# [Problem details]
Go over the data and keep only the lines that include "Qpol".

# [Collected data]
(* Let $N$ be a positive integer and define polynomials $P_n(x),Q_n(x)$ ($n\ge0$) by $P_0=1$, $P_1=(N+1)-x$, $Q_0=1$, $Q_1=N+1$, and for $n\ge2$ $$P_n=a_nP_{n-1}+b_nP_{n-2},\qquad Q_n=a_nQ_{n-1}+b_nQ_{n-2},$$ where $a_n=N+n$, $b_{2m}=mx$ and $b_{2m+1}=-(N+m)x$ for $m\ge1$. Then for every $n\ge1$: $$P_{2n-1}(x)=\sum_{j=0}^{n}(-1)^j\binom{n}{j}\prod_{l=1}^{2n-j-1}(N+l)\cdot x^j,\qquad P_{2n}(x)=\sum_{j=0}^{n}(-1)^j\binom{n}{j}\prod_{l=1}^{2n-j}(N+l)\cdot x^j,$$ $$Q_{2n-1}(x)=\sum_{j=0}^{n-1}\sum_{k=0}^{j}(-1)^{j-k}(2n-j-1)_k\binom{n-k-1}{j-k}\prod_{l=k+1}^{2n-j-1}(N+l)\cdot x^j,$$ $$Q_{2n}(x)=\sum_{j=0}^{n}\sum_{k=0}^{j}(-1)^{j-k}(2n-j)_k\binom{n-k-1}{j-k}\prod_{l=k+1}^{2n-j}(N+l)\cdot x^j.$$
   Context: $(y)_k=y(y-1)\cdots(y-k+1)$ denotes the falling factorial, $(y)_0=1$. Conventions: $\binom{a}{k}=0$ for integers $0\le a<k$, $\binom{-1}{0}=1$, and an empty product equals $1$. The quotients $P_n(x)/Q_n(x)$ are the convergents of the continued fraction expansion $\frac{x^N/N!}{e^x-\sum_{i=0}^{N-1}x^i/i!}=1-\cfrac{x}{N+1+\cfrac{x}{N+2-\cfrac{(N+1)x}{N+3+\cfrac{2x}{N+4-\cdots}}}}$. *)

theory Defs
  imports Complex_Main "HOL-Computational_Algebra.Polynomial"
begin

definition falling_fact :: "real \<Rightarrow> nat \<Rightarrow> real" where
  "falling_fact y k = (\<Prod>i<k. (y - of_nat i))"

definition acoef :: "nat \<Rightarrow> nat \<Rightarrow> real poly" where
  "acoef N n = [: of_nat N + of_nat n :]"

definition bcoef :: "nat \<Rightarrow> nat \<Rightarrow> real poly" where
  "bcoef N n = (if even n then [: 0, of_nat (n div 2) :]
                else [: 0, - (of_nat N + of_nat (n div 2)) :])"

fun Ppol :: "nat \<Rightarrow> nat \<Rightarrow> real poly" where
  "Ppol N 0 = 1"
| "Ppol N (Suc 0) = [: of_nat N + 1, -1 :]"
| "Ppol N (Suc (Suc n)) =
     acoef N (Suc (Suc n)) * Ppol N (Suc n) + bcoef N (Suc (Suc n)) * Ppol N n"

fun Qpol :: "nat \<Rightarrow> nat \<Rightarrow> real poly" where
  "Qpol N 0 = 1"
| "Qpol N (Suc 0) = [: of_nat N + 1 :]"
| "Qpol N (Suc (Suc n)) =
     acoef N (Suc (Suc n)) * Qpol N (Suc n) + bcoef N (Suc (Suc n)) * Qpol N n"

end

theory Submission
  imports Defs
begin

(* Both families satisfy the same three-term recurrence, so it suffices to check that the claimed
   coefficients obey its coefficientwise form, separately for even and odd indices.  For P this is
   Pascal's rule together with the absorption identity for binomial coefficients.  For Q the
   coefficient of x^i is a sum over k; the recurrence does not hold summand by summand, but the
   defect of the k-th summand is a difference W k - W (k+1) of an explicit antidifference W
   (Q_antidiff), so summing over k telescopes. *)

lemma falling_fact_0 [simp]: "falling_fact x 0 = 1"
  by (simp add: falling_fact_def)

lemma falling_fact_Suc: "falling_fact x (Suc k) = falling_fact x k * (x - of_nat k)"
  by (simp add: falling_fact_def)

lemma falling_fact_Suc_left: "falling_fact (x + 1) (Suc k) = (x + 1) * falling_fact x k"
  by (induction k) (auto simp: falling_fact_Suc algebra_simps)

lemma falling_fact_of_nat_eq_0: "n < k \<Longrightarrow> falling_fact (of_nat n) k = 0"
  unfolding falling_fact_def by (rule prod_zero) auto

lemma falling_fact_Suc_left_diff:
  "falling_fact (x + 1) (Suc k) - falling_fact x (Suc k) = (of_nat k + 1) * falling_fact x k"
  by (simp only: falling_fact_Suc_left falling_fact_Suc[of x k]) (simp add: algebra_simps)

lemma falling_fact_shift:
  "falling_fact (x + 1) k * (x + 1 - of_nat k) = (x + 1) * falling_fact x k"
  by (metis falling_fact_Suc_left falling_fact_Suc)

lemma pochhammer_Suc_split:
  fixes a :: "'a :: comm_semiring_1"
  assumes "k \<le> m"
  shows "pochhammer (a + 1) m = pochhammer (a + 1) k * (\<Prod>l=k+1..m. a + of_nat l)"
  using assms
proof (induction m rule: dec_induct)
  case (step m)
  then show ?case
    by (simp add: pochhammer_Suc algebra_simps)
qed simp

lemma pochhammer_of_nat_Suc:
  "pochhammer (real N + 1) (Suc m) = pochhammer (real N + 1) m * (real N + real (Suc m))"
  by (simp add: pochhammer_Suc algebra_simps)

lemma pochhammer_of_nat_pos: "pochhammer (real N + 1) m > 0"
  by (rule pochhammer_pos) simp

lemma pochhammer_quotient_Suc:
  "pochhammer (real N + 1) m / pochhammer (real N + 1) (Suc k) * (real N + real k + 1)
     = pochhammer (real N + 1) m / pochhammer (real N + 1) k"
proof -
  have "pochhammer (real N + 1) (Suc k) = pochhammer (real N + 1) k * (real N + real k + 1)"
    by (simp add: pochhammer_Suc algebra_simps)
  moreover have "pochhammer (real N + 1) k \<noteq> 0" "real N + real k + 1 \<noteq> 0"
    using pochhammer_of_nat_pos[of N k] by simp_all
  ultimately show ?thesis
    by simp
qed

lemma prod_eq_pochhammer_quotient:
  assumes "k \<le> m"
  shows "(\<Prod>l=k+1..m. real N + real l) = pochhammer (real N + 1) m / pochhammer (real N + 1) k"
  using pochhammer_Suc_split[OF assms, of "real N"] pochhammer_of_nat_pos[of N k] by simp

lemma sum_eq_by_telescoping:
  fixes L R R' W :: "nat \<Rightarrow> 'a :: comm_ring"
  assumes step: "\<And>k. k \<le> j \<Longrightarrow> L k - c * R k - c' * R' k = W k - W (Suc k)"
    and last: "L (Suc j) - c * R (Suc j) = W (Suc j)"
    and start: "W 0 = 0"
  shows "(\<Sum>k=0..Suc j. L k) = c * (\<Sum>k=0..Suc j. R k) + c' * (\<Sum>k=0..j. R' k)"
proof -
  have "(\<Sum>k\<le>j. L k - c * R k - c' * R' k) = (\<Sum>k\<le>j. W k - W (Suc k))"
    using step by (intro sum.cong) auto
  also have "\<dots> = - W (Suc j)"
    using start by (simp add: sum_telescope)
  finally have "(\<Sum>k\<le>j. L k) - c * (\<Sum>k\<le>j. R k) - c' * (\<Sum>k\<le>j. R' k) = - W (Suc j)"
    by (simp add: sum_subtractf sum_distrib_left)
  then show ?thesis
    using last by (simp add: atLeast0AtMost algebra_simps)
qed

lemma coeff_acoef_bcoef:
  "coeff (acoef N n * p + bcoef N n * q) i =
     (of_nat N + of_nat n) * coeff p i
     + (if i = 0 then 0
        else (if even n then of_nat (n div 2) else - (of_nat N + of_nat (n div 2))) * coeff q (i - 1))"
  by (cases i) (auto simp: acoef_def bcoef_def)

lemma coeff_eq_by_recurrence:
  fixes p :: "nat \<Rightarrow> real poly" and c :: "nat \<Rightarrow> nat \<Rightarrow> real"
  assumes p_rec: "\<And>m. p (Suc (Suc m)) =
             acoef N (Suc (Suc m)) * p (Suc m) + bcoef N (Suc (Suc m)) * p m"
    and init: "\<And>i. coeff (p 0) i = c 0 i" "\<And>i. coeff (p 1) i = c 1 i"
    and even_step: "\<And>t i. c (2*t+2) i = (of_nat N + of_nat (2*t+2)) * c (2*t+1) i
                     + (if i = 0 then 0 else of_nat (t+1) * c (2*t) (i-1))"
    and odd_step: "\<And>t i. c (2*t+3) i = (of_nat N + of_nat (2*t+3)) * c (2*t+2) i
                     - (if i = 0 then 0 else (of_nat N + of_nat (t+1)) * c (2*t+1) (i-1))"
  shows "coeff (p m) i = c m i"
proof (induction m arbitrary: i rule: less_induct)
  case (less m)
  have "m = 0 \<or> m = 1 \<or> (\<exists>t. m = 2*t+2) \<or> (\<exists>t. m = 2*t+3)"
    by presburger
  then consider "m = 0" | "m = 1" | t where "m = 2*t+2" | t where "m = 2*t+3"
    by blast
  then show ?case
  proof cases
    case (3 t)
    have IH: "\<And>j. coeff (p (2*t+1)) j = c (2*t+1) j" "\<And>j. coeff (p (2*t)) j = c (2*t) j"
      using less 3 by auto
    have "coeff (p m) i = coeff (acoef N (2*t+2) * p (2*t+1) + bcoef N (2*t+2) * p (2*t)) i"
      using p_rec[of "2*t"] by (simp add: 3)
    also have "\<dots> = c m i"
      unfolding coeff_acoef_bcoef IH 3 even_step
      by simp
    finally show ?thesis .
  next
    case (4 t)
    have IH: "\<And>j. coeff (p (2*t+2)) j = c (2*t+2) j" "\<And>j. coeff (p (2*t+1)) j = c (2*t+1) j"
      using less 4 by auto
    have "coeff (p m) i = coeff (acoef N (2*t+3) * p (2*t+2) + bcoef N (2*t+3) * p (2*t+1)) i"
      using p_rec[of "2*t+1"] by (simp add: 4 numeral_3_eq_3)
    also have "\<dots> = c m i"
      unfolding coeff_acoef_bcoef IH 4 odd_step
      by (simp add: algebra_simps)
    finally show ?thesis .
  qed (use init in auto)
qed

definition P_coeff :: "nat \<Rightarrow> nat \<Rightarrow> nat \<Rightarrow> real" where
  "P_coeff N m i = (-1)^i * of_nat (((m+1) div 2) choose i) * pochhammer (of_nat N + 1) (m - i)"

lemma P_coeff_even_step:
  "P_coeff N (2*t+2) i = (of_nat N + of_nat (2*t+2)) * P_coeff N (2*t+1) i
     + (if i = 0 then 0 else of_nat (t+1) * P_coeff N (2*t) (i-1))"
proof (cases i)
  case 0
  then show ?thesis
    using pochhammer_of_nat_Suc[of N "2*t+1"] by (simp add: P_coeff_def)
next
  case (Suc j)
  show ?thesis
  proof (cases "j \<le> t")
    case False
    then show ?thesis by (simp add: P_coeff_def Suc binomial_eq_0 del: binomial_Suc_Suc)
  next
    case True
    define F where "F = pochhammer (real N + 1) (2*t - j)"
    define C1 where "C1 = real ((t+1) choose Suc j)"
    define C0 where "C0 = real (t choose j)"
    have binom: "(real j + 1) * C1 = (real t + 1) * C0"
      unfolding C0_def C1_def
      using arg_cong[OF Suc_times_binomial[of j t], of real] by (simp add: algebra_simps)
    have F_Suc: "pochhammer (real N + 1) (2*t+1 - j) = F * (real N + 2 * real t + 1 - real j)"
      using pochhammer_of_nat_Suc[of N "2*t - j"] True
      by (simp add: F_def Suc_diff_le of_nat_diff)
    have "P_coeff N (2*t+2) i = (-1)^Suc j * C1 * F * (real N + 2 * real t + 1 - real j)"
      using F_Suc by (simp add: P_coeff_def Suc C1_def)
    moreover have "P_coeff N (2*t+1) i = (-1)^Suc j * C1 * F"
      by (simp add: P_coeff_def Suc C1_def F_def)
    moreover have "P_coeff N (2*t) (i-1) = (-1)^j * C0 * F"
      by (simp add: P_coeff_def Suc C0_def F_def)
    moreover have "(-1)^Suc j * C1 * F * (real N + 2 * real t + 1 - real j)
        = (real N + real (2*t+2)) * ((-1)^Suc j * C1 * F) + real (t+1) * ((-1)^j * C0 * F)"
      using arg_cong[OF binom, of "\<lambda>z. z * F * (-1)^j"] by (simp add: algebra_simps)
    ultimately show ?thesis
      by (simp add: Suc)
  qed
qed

# [Response to this task]
fun Qpol :: "nat \<Rightarrow> nat \<Rightarrow> real poly" where
  "Qpol N 0 = 1"
| "Qpol N (Suc 0) = [: of_nat N + 1 :]"
| "Qpol N (Suc (Suc n)) =
     acoef N (Suc (Suc n)) * Qpol N (Suc n) + bcoef N (Suc (Suc n)) * Qpol N n"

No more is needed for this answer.